プレスリリース要約
株式会社LIFULLのグループ会社であるLIFULL seniorは、生涯の介護に必要な費用が約2,300万円に上るという試算を発表しました。物価高や自己負担増による高齢期の経済的不安が高まる中、親世代の約6割が費用を「備えていない」と回答しており、シニアビジネスや福利厚生サービスにおける新たな需要を示唆しています。
発表によると、一般的な在宅介護期間を1年、有料老人ホームへの入居期間を5年と想定した場合、介護にかかる総額は一人あたり約2,295.6万円に達します。一方で、50〜60代の親世代を対象とした調査では、自身の介護費用について「備えていない」との回答が約6割を占め、必要額を「わからない」とする回答も約4割に上りました。さらに、親世代の8割以上が「子からの金銭的支援を受けたくない」と望んでいる一方、30〜40代の子世代の8割以上が親と介護費用について「話し合ったことがない」と回答しており、理想と現実の間に深刻なギャップがあることが浮き彫りになりました。
この費用負担を軽減するための具体的なデータも提示されています。

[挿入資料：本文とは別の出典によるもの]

lemma metric_g_diff_le:
  "\<bar>metric_g H x u u - metric_g H y u u\<bar> \<le> op_norm (H x - H y) * (norm u)^2"
proof -
  have "metric_g H x u u - metric_g H y u u = u \<bullet> ((H x - H y) *v u)"
    by (simp add: metric_g_def matrix_vector_mult_diff_rdistrib inner_diff_right)
  also have "\<bar>\<dots>\<bar> \<le> norm u * norm ((H x - H y) *v u)" by (rule Cauchy_Schwarz_ineq2)
  also have "\<dots> \<le> norm u * (op_norm (H x - H y) * norm u)"
    by (intro mult_left_mono norm_matrix_vector_mult_le_op_norm) auto
  finally show ?thesis by (simp add: power2_eq_square algebra_simps)
qed

lemma riemannian_metric_nonneg: "riemannian_metric H \<Longrightarrow> 0 \<le> u \<bullet> (H x *v u)"
  unfolding riemannian_metric_def metric_g_def by (cases "u = 0") (auto intro: less_imp_le)

lemma integrable_metric_g_along:
  fixes p v :: "real \<Rightarrow> real^'n"
  assumes "continuous_on UNIV H" "continuous_on {a..b} p" "continuous_on {a..b} v"
  shows "(\<lambda>t. metric_g H (p t) (v t) (v t)) integrable_on {a..b}"
proof (rule integrable_continuous_interval)
  have "continuous_on {a..b} (\<lambda>t. H (p t))"
    using assms(1,2) by (rule continuous_on_compose2) auto
  then show "continuous_on {a..b} (\<lambda>t. metric_g H (p t) (v t) (v t))"
    unfolding metric_g_def
    by (intro continuous_intros continuous_on_matrix_vector_mult assms(3))
qed

lemma norm_integral_sq_le:
  fixes f :: "real \<Rightarrow> 'a::{real_inner,banach}"
  assumes f: "f integrable_on {a..b}" and f2: "(\<lambda>x. (norm (f x))^2) integrable_on {a..b}"
  shows "(norm (integral {a..b} f))^2 \<le> (b - a) * sqnorm_integral f a b"
proof (cases "a < b")
  case False
  then show ?thesis by (cases "a = b") (auto simp: sqnorm_integral_def)
next
  case True
  define c where "c = integral {a..b} f"
  define Q where "Q = sqnorm_integral f a b"
  define l where "l = b - a"
  have "l > 0" using True by (simp add: l_def)
  \<comment> \<open>integrate \<open>0 \<le> \<parallel>l f x - c\<parallel>\<^sup>2\<close> over \<open>[a,b]\<close>\<close>
  have lhs: "((\<lambda>x. 2 * l * (f x \<bullet> c)) has_integral 2 * l * (c \<bullet> c)) {a..b}"
    using has_integral_mult_right[OF has_integral_linear[OF integrable_integral[OF f]
          bounded_linear_inner_left[of c]], of "2 * l"]
    by (simp add: o_def c_def)
  have rhs: "((\<lambda>x. l^2 * (norm (f x))^2 + (norm c)^2) has_integral l^2 * Q + l * (norm c)^2) {a..b}"
    using has_integral_add[OF has_integral_mult_right[OF integrable_integral[OF f2], of "l^2"]
        has_integral_const_real[of "(norm c)^2" a b]] True
    by (simp add: l_def Q_def sqnorm_integral_def)
  have "2 * l * (f x \<bullet> c) \<le> l^2 * (norm (f x))^2 + (norm c)^2" for x
  proof -
    have "0 \<le> (norm (l *\<^sub>R f x - c))^2" by simp
    also have "\<dots> = l^2 * (norm (f x))^2 - 2 * l * (f x \<bullet> c) + (norm c)^2"
      by (simp only: power2_norm_eq_inner)
        (simp add: inner_diff_left inner_diff_right inner_commute power2_eq_square algebra_simps)
    finally show ?thesis by simp
  qed
  then have "2 * l * (c \<bullet> c) \<le> l^2 * Q + l * (norm c)^2"
    using lhs rhs by (rule has_integral_le[rotated 2])
  then have "l * (norm c)^2 \<le> l * (l * Q)"
    by (simp add: dot_square_norm power2_eq_square algebra_simps)
  then show ?thesis using \<open>l > 0\<close> by (simp add: c_def l_def Q_def)
qed

lemma integral_unit_interval_eq_sum_uniform:
  fixes f :: "real \<Rightarrow> 'a::banach"
  assumes f: "f integrable_on {0..1}" and N: "N \<ge> 1"
  shows "integral {0..1} f = (\<Sum>n<N. integral {real n / real N..real (Suc n) / real N} f)"
proof -
  have "integral {0..real k / real N} f = (\<Sum>n<k. integral {real n / real N..real (Suc n) / real N} f)"
    if "k \<le> N" for k
    using that
  proof (induction k)
    case (Suc k)
    have "real (Suc k) / real N \<le> 1" using Suc.prems N by (simp add: field_simps)
    then have "integral {0..real (Suc k) / real N} f
        = integral {0..real k / real N} f + integral {real k / real N..real (Suc k) / real N} f"
      by (intro Henstock_Kurzweil_Integration.integral_combine[symmetric])
        (auto simp: divide_right_mono intro: integrable_on_subinterval[OF f])
    then show ?case using Suc by simp
  qed simp
  from this[of N] N show ?thesis by simp
qed

lemma has_integral_quadratic_form_mean_zero_shift:
  fixes A :: "real^'n^'n" and w :: "real \<Rightarrow> real^'n"
  assumes w: "(w has_integral 0) {a..b}"
    and qw: "(\<lambda>t. w t \<bullet> (A *v w t)) integrable_on {a..b}" and "a \<le> b"
  shows "((\<lambda>t. (v + w t) \<bullet> (A *v (v + w t))) has_integral
           (b - a) * (v \<bullet> (A *v v)) + integral {a..b} (\<lambda>t. w t \<bullet> (A *v w t))) {a..b}"
proof -
  define cross where "cross u = v \<bullet> (A *v u) + u \<bullet> (A *v v)" for u
  have "bounded_linear cross"
    unfolding cross_def
    by (intro bounded_linear_add bounded_linear_inner_left
        bounded_linear_compose[OF bounded_linear_inner_right matrix_vector_mul_bounded_linear])
  from has_integral_linear[OF w this] have cross_integral: "((\<lambda>t. cross (w t)) has_integral 0) {a..b}"
    by (simp add: o_def cross_def)
  have "(v + w t) \<bullet> (A *v (v + w t)) = v \<bullet> (A *v v) + cross (w t) + w t \<bullet> (A *v w t)" for t
    by (simp add: cross_def algebra_simps)
  then show ?thesis
    using has_integral_add[OF has_integral_add[OF has_integral_const_real[of "v \<bullet> (A *v v)" a b]
          cross_integral] integrable_integral[OF qw]] \<open>a \<le> b\<close>
    by (simp add: mult.commute)
qed

lemma energy_tra_eq_sum:
  "energy_tra H N \<gamma> = (\<Sum>n<N. let a = real n / real N; b = real (Suc n) / real N;
                                 \<beta> = (1 / (b - a)) *\<^sub>R (\<gamma> b - \<gamma> a)
                             in (b - a) * metric_g H (midpoint (\<gamma> a) (\<gamma> b)) \<beta> \<beta>)"
  unfolding energy_tra_def sum_distrib_left Let_def
  by (intro sum.cong) (simp_all add: midpoint_def diff_divide_distrib[symmetric])

locale H2_curve =
  fixes \<gamma> \<gamma>' \<gamma>'' :: "real \<Rightarrow> real^'n" and S :: "real set"
  assumes finite_S: "finite S"
    and derivative: "\<And>t. t \<in> {0..1} \<Longrightarrow> (\<gamma> has_vector_derivative \<gamma>' t) (at t within {0..1})"
    and continuous_derivative: "continuous_on {0..1} \<gamma>'"
    and second_derivative:
      "\<And>t. t \<in> {0..1} - S \<Longrightarrow> (\<gamma>' has_vector_derivative \<gamma>'' t) (at t within {0..1})"
    and sq_integrable_derivative: "(\<lambda>t. (norm (\<gamma>' t))^2) integrable_on {0..1}"
    and sq_integrable_second_derivative: "(\<lambda>t. (norm (\<gamma>'' t))^2) integrable_on {0..1}"
begin

lemma continuous_on_curve: "continuous_on {0..1} \<gamma>"
  using derivative by (metis continuous_on_eq_continuous_within has_vector_derivative_continuous)

lemma vector_derivative_eq: "t \<in> {0..1} \<Longrightarrow> vector_derivative \<gamma> (at t within {0..1}) = \<gamma>' t"
  by (intro vector_derivative_within_closed_interval derivative) auto

lemma has_integral_derivative:
  assumes "0 \<le> a" "a \<le> b" "b \<le> 1"
  shows "(\<gamma>' has_integral \<gamma> b - \<gamma> a) {a..b}"
proof (rule fundamental_theorem_of_calculus[OF \<open>a \<le> b\<close>])
  fix t assume "t \<in> {a..b}"
  with assms have "(\<gamma> has_vector_derivative \<gamma>' t) (at t within {0..1})" by (intro derivative) auto
  then show "(\<gamma> has_vector_derivative \<gamma>' t) (at t within {a..b})"
    by (rule has_vector_derivative_within_subset) (use assms in auto)
qed

lemma has_integral_second_derivative:
  assumes "0 \<le> a" "a \<le> b" "b \<le> 1"
  shows "(\<gamma>'' has_integral \<gamma>' b - \<gamma>' a) {a..b}"
proof (rule fundamental_theorem_of_calculus_interior_strong[OF finite_S \<open>a \<le> b\<close>])
  fix t assume t: "t \<in> {a<..<b} - S"
  with assms have "(\<gamma>' has_vector_derivative \<gamma>'' t) (at t within {0..1})"
    by (intro second_derivative) auto
  moreover have "at t within {0..1} = at t" using t assms by (intro at_within_Icc_at) auto
  ultimately show "(\<gamma>' has_vector_derivative \<gamma>'' t) (at t)" by simp
qed (use assms in \<open>auto intro: continuous_on_subset[OF continuous_derivative]\<close>)

lemma sq_integrable_derivative_on:
  "0 \<le> a \<Longrightarrow> b \<le> 1 \<Longrightarrow> (\<lambda>t. (norm (\<gamma>' t))^2) integrable_on {a..b}"
  by (rule integrable_on_subinterval[OF sq_integrable_derivative]) auto

lemma sq_integrable_second_derivative_on:
  "0 \<le> a \<Longrightarrow> b \<le> 1 \<Longrightarrow> (\<lambda>t. (norm (\<gamma>'' t))^2) integrable_on {a..b}"
  by (rule integrable_on_subinterval[OF sq_integrable_second_derivative]) auto

lemma norm_derivative_diff_sq_le:
  assumes "0 \<le> a" "b \<le> 1" "s \<in> {a..b}" "t \<in> {a..b}"
  shows "(norm (\<gamma>' t - \<gamma>' s))^2 \<le> (b - a) * sqnorm_integral \<gamma>'' a b"
proof -
  have ordered: "(norm (\<gamma>' y - \<gamma>' x))^2 \<le> (b - a) * sqnorm_integral \<gamma>'' a b"
    if xy: "x \<le> y" "x \<in> {a..b}" "y \<in> {a..b}" for x y
  proof -
    have "\<gamma>' y - \<gamma>' x = integral {x..y} \<gamma>''"
      using integral_unique[OF has_integral_second_derivative[of x y]] assms xy by simp
    then have "(norm (\<gamma>' y - \<gamma>' x))^2 \<le> (y - x) * sqnorm_integral \<gamma>'' x y"
      using assms xy by (auto intro!: norm_integral_sq_le sq_integrable_second_derivative_on
          has_integral_integrable[OF has_integral_second_derivative])
    also have "\<dots> \<le> (b - a) * sqnorm_integral \<gamma>'' a b"
      using assms xy by (intro mult_mono sqnorm_integral_mono sqnorm_integral_nonneg
          sq_integrable_second_derivative_on) auto
    finally show ?thesis .
  qed
  show ?thesis
    using ordered[of s t] ordered[of t s] assms by (cases "s \<le> t") (auto simp: norm_minus_commute)
qed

施設を探すエリアを東京都から埼玉県に変更することで、入居時費用の相場を約620万円、月額費用を約7.4万円抑えられることが判明しました。また、1990年以前に建築された築古施設を選択肢に含めることで、月額費用をおよそ4万円コストダウンできる可能性も示されています。本調査を運営する「LIFULL 介護」は、日本最大級の老人ホーム検索サイトとして蓄積された膨大なデータを活用し、介護に直面する家族への現実的なソリューションを提供しています。


Journalポイント
実はこれ、単なる家庭の問題ではなく、企業の人材流出リスクに直結する重要なビジネス課題なんです。

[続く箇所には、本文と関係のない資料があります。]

(* Dualising the values off a common transversal I of p and q turns the conditions
   s (p h) = f (s h) and s (q h) = f (s h) into invariance along p and q. *)
definition twist :: "'a set \<Rightarrow> 'a set \<Rightarrow> ('b \<Rightarrow> 'b) \<Rightarrow> ('a \<Rightarrow> 'b) \<Rightarrow> 'a \<Rightarrow> 'b" where
  "twist A I f s = restrict (\<lambda>h. if h \<in> I then s h else f (s h)) A"

lemma twist_PiE: "f ` B \<subseteq> B \<Longrightarrow> s \<in> A \<rightarrow>\<^sub>E B \<Longrightarrow> twist A I f s \<in> A \<rightarrow>\<^sub>E B"
  by (auto simp: twist_def PiE_iff)

lemma twist_twist: "(\<And>b. f (f b) = b) \<Longrightarrow> s \<in> A \<rightarrow>\<^sub>E B \<Longrightarrow> twist A I f (twist A I f s) = s"
  by (auto simp: twist_def fun_eq_iff PiE_def extensional_def)

lemma twist_eq_iff:
  assumes "\<And>b. f (f b) = b" and "fpf_involution_on A g" "transversal A g I" "h \<in> A"
  shows "twist A I f s h = twist A I f s (g h) \<longleftrightarrow> s (g h) = f (s h)"
proof (cases "h \<in> I")
  case True
  then show ?thesis using assms fpf_involution_onD[OF assms(2)]
    by (simp add: twist_def transversal_def) (metis assms(1))
next
  case False
  then show ?thesis using assms fpf_involution_onD[OF assms(2)]
    by (auto simp: twist_def transversal_def)
qed

lemma card_twisted_invariant_PiE:
  assumes "finite A"
    and p: "fpf_involution_on A p" "transversal A p I"
    and q: "fpf_involution_on A q" "transversal A q I"
    and f: "f ` B \<subseteq> B" "\<And>b. f (f b) = b"
  shows "card {s \<in> A \<rightarrow>\<^sub>E B. \<forall>h\<in>A. s (p h) = f (s h) \<and> s (q h) = f (s h)}
    = card B ^ card (A // ({(h, p h) | h. h \<in> A} \<union> {(h, q h) | h. h \<in> A})\<^sup>*)"
proof -
  define r where "r = {(h, p h) | h. h \<in> A} \<union> {(h, q h) | h. h \<in> A}"
  define G where "G = {s \<in> A \<rightarrow>\<^sub>E B. \<forall>h\<in>A. s (p h) = f (s h) \<and> s (q h) = f (s h)}"
  define T where "T = {t \<in> A \<rightarrow>\<^sub>E B. \<forall>(x, y)\<in>r. t x = t y}"
  have r_invariant: "(\<forall>(x, y)\<in>r. t x = t y) \<longleftrightarrow> (\<forall>h\<in>A. t h = t (p h) \<and> t h = t (q h))"
    for t :: "'a \<Rightarrow> 'b"
    by (auto simp: r_def)
  have "bij_betw (twist A I f) G T"
  proof (rule bij_betw_involution[where X = "A \<rightarrow>\<^sub>E B"])
    show "twist A I f s \<in> A \<rightarrow>\<^sub>E B \<and> twist A I f (twist A I f s) = s" if "s \<in> A \<rightarrow>\<^sub>E B" for s
      using twist_PiE[OF f(1) that] twist_twist[OF f(2) that] by blast
    show "twist A I f s \<in> T \<longleftrightarrow> s \<in> G" if "s \<in> A \<rightarrow>\<^sub>E B" for s
      using that twist_PiE[OF f(1) that] twist_eq_iff[OF f(2) p] twist_eq_iff[OF f(2) q]
      unfolding T_def G_def r_invariant by auto
  qed (auto simp: G_def T_def)
  then have "card G = card T"
    by (rule bij_betw_same_card)
  also have "\<dots> = card B ^ card (A // r\<^sup>*)"
    unfolding T_def
  proof (rule card_rel_invariant_PiE[OF \<open>finite A\<close>])
    show "r \<subseteq> A \<times> A"
      using fpf_involution_onD[OF p(1)] fpf_involution_onD[OF q(1)] by (auto simp: r_def)
    show "sym r"
      unfolding r_def by (intro sym_Un sym_involution_graph p(1) q(1))
  qed
  finally show ?thesis
    unfolding G_def r_def .
qed

section \<open>Edge structures and orientations of pairings\<close>

lemma edge_structureD:
  "edge_structure N E \<Longrightarrow> (a, b) \<in> E \<Longrightarrow> a < N \<and> b < N \<and> a \<noteq> b"
  unfolding edge_structure_def by blast

lemma edge_structure_unique:
  assumes "edge_structure N E" and "e \<in> E" "e' \<in> E"
    and "fst e = h \<or> snd e = h" "fst e' = h \<or> snd e' = h"
  shows "e = e'"
proof -
  have "h < N" using assms(2,4) edge_structureD[OF assms(1), of "fst e" "snd e"] by auto
  then show ?thesis using assms unfolding edge_structure_def by blast
qed

lemma edge_structure_finite:
  assumes "edge_structure N E"
  shows "finite E"
proof (rule finite_subset)
  show "E \<subseteq> {..<N} \<times> {..<N}"
  proof (rule subrelI)
    fix a b assume "(a, b) \<in> E"
    then show "(a, b) \<in> {..<N} \<times> {..<N}" using edge_structureD[OF assms] by simp
  qed
qed simp

lemma edge_structure_swap_notin:
  assumes "edge_structure N E" and "(a, b) \<in> E"
  shows "(b, a) \<notin> E"
proof
  assume "(b, a) \<in> E"
  then have "(b, a) = (a, b)" using edge_structure_unique[OF assms(1) _ assms(2), of _ a] by simp
  then show False using edge_structureD[OF assms] by simp
qed

lemma edge_structure_image_swap:
  assumes "edge_structure N E" and "\<And>e. e \<in> E \<Longrightarrow> g e = e \<or> g e = prod.swap e"
  shows "edge_structure N (g ` E)"
  unfolding edge_structure_def
proof (intro conjI ballI allI impI)
  fix x assume "x \<in> g ` E"
  then obtain a b where ab: "(a, b) \<in> E" "x = g (a, b)" by auto
  then have "x = (a, b) \<or> x = (b, a)" using assms(2)[OF ab(1)] by auto
  then show "case x of (a, b) \<Rightarrow> a < N \<and> b < N \<and> a \<noteq> b"
    using edge_structureD[OF assms(1) ab(1)] by auto
next
  fix h assume "h < N"
  then obtain e where e: "e \<in> E" "fst e = h \<or> snd e = h"
    using assms(1) unfolding edge_structure_def by blast
  have incident: "fst (g e') = h \<or> snd (g e') = h \<longleftrightarrow> fst e' = h \<or> snd e' = h" if "e' \<in> E" for e'
    using assms(2)[OF that] by auto
  show "\<exists>!e'. e' \<in> g ` E \<and> (fst e' = h \<or> snd e' = h)"
  proof (rule ex1I[of _ "g e"])
    show "g e \<in> g ` E \<and> (fst (g e) = h \<or> snd (g e) = h)" using e incident by blast
    fix e' assume "e' \<in> g ` E \<and> (fst e' = h \<or> snd e' = h)"
    then obtain e'' where "e'' \<in> E" "e' = g e''" "fst e'' = h \<or> snd e'' = h"
      using incident by blast
    then show "e' = g e" using edge_structure_unique[OF assms(1) _ e(1) _ e(2)] by blast
  qed
qed

lemma reverse_edges_image:
  "R \<subseteq> E \<Longrightarrow> reverse_edges R E = (\<lambda>e. if e \<in> R then prod.swap e else e) ` E"
  unfolding reverse_edges_def by (auto simp: image_iff)

lemma edge_structure_reverse_edges:
  "edge_structure N E \<Longrightarrow> R \<subseteq> E \<Longrightarrow> edge_structure N (reverse_edges R E)"
  unfolding reverse_edges_image by (rule edge_structure_image_swap) auto

lemma fst_reverse_edges:
  "R \<subseteq> E \<Longrightarrow> fst ` reverse_edges R E = (\<lambda>e. if e \<in> R then snd e else fst e) ` E"
  unfolding reverse_edges_image image_image by (intro image_cong) auto

lemma partner_eqI:
  assumes "edge_structure N E" and "(h, b) \<in> E \<or> (b, h) \<in> E"
  shows "partner E h = b"
  unfolding partner_def
proof (rule the_equality)
  fix b' assume "(h, b') \<in> E \<or> (b', h) \<in> E"
  then show "b' = b"
    using assms edge_structure_unique[OF assms(1), of _ _ h] by fastforce
qed (rule assms(2))

lemma partner_edge:
  assumes "edge_structure N E" and "h < N"
  shows "(h, partner E h) \<in> E \<or> (partner E h, h) \<in> E"
proof -
  obtain e where "e \<in> E" "fst e = h \<or> snd e = h"
    using assms unfolding edge_structure_def by blast
  then obtain b where "(h, b) \<in> E \<or> (b, h) \<in> E" by (cases e) auto
  then show ?thesis using partner_eqI[OF assms(1)] by metis
qed

lemma partner_involution:
  assumes "edge_structure N E" and "h < N"
  shows "partner E h < N" "partner E h \<noteq> h" "partner E (partner E h) = h"
proof -
  have e: "(h, partner E h) \<in> E \<or> (partner E h, h) \<in> E"
    by (rule partner_edge[OF assms])
  then show "partner E h < N" "partner E h \<noteq> h"
    using edge_structureD[OF assms(1), of h "partner E h"]
      edge_structureD[OF assms(1), of "partner E h" h] by auto
  show "partner E (partner E h) = h"
    using partner_eqI[OF assms(1), of "partner E h" h] e by blast
qed

lemma fpf_involution_on_partner:
  "edge_structure N E \<Longrightarrow> fpf_involution_on {..<N} (partner E)"
  unfolding fpf_involution_on_def using partner_involution by blast

lemma edge_choice_inj:
  assumes "edge_structure N E" and "\<And>e. e \<in> E \<Longrightarrow> g e = fst e \<or> g e = snd e"
  shows "inj_on g E"
proof (rule inj_onI)
  fix e e' assume "e \<in> E" "e' \<in> E" "g e = g e'"
  then show "e = e'"
    using edge_structure_unique[OF assms(1), of e e' "g e"] assms(2) by metis
qed

lemma edge_choice_transversal:
  assumes es: "edge_structure N E" and g: "\<And>e. e \<in> E \<Longrightarrow> g e = fst e \<or> g e = snd e"
  shows "transversal {..<N} (partner E) (g ` E)"
  unfolding transversal_def
proof (intro conjI ballI)
  show "g ` E \<subseteq> {..<N}"
  proof
    fix x assume "x \<in> g ` E"
    then obtain e where e: "e \<in> E" "x = g e" by blast
    then obtain a b where "(a, b) \<in> E" "x = a \<or> x = b"
      using g[OF e(1)] by (cases e) auto
    then show "x \<in> {..<N}" using edge_structureD[OF es] by auto
  qed
  fix h assume "h \<in> {..<N}"
  then have h: "h < N" by simp
  have "(h, partner E h) \<in> E \<or> (partner E h, h) \<in> E"
    by (rule partner_edge[OF es h])
  then obtain e where e: "e \<in> E"
    "fst e = h \<and> snd e = partner E h \<or> fst e = partner E h \<and> snd e = h"
    by (metis fst_conv snd_conv)
  have mem: "x \<in> g ` E \<longleftrightarrow> g e = x" if x: "x = h \<or> x = partner E h" for x
  proof
    assume "x \<in> g ` E"
    then obtain e' where e': "e' \<in> E" "x = g e'" by blast
    have "fst e' = x \<or> snd e' = x" using g[OF e'(1)] e'(2) by auto
    moreover have "fst e = x \<or> snd e = x" using e(2) x by auto
    ultimately have "e' = e" by (rule edge_structure_unique[OF es e'(1) e(1)])
    then show "g e = x" using e'(2) by simp
  qed (use e(1) in blast)
  have "g e = h \<or> g e = partner E h" "partner E h \<noteq> h"
    using g[OF e(1)] e(2) partner_involution[OF es h] by auto
  then show "partner E h \<in> g ` E \<longleftrightarrow> h \<notin> g ` E"
    using mem[OF disjI1[OF refl]] mem[OF disjI2[OF refl]] by metis
qed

え、家庭の介護費用が企業の離職問題に関係してくるんですか?
その通りです。介護に直面した従業員が、情報不足からパニックになり、突発的に介護離職を選択してしまうケースが非常に多いのです。
でも、それってもともと公的なサポートやケアマネジャーが解決してくれるものではないんですか?

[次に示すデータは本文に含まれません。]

lemma last_approved_selection:
  assumes i: "i \<in> {1..n}" and "j \<le> k" and "A i \<inter> Wset w j \<noteq> {}"
  obtains t where "t \<in> {1..j}" and "w t \<in> A i" and "f j i = f t i"
    and "A i \<inter> Wset w j = A i \<inter> Wset w t"
proof -
  define T where "T = {t \<in> {1..j}. w t \<in> A i}"
  have "finite T" and "T \<noteq> {}"
    using assms(3) unfolding T_def Wset_def by auto
  define t where "t = Max T"
  have t: "t \<in> {1..j}" "w t \<in> A i"
    using Max_in[OF \<open>finite T\<close> \<open>T \<noteq> {}\<close>] unfolding t_def T_def by auto
  have later: "w s \<notin> A i" if "t < s" "s \<le> j" for s
  proof
    assume "w s \<in> A i"
    then have "s \<in> T" unfolding T_def using that t by auto
    then show False using Max_ge[OF \<open>finite T\<close>] that unfolding t_def by fastforce
  qed
  have "f j i = f t i"
    using run_unchanged[OF i] t later \<open>j \<le> k\<close> by auto
  moreover have "A i \<inter> Wset w j = A i \<inter> Wset w t"
    unfolding Wset_def using t later by (force simp: not_le[symmetric])
  ultimately show ?thesis using that t by blast
qed

lemma no_approved_selection:
  assumes "i \<in> {1..n}" and "j \<le> k" and "A i \<inter> Wset w j = {}"
  shows "f j i = 1"
proof -
  have "f j i = f 0 i"
    using assms by (intro run_unchanged) (auto simp: Wset_def)
  then show ?thesis using run_initial[OF assms(1)] by simp
qed

text \<open>The voter keeps at least the share guaranteed at the last normal iteration that elected one
of its candidates; levels only drop as the committee grows, so that guarantee covers c'.\<close>

lemma fraction_ge_level_ratio:
  assumes fin: "\<And>i. i \<in> {1..n} \<Longrightarrow> finite (A i)"
    and "j \<le> k" and normal: "\<forall>t\<in>{1..j}. normal_iteration n A k w f t"
    and i: "i \<in> {1..n}" and c': "c' \<in> A i - Wset w j"
    and lt: "card (A i \<inter> Wset w j) < dlevel n A k c' (Wset w j)"
  shows "(real (dlevel n A k c' (Wset w j)) - real (card (A i \<inter> Wset w j)))
           / real (dlevel n A k c' (Wset w j)) \<le> f j i"
    (is "(real ?l - real ?a) / real ?l \<le> _")
proof (cases "A i \<inter> Wset w j = {}")
  case True
  then show ?thesis using no_approved_selection[OF i \<open>j \<le> k\<close>] lt by simp
next
  case False
  then obtain t where t: "t \<in> {1..j}" "w t \<in> A i" and ft: "f j i = f t i"
    and Wt: "A i \<inter> Wset w j = A i \<inter> Wset w t"
    using last_approved_selection[OF i \<open>j \<le> k\<close>] by blast
  define L where "L = voter_level n A k (Wset w (t - 1)) i (w t)"
  have prev: "Wset w (t - 1) \<subseteq> Wset w j" and "w t \<in> Wset w j"
    using t unfolding Wset_def by auto
  then have "?l \<le> dlevel n A k c' (Wset w (t - 1))"
    by (intro dlevel_antimono fin)
  also have "\<dots> \<le> L"
    unfolding L_def using c' prev \<open>w t \<in> Wset w j\<close>
    by (intro dlevel_le_voter_level fin[OF i]) auto
  finally have lL: "?l \<le> L" .
  have "card (A i \<inter> Wset w (t - 1)) \<le> card (A i \<inter> Wset w t)"
    using fin[OF i] by (intro card_mono) (auto simp: Wset_def)
  also have "\<dots> = ?a" by (simp add: Wt)
  finally have "card (A i \<inter> Wset w (t - 1)) < L"
    using lt lL by linarith
  moreover have "i \<in> voters n A (w t)"
    unfolding voters_def using i t by auto
  ultimately have "(real L - real ?a) / real L \<le> f t i"
    using normal t unfolding normal_iteration_def L_def Wt by blast
  moreover have "(real ?l - real ?a) / real ?l \<le> (real L - real ?a) / real L"
    using lt lL by (intro diff_divide_self_mono) auto
  ultimately show ?thesis using ft by linarith
qed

公的支援は重要ですが、事前の知識がないと適切な窓口にすら辿り着けません。今回のLIFULLのデータのように、立地や築年数を変えるだけで月数万円の差が出るという実践的な知識をあらかじめ知っておくことが、経済的な破綻を防ぐ鍵になります。
なるほど!じゃあ、企業が従業員に対して「介護マネーのシミュレーション」を提供するようなB2B向けのサービスにも需要がありそうですね?
B2Bというのは企業向けビジネスのことで、まさにその視点は鋭いです。実際に、福利厚生の一環として介護セミナーを導入する企業が増えています。早期から「親の資産状況」を把握し、予算に応じた施設選びの選択肢を持っておくことが、従業員のキャリア継続を支える最大の防御策になりますからね。
シニアビジネスの視点から見ると、他にも新しいアプローチができそうですね。
おっしゃる通り、シニア市場は多様化しています。単に安さを競うのではなく、今回のデータのような「賢いコストカット」を提案するアドバイザリーサービスや、親子間のコミュニケーションを促すマッチングツールなど、周辺ビジネスの参入余地は非常に大きいです。
介護を「個人の課題」から「ビジネスの機会」として捉え直す視点、とても勉強になりました!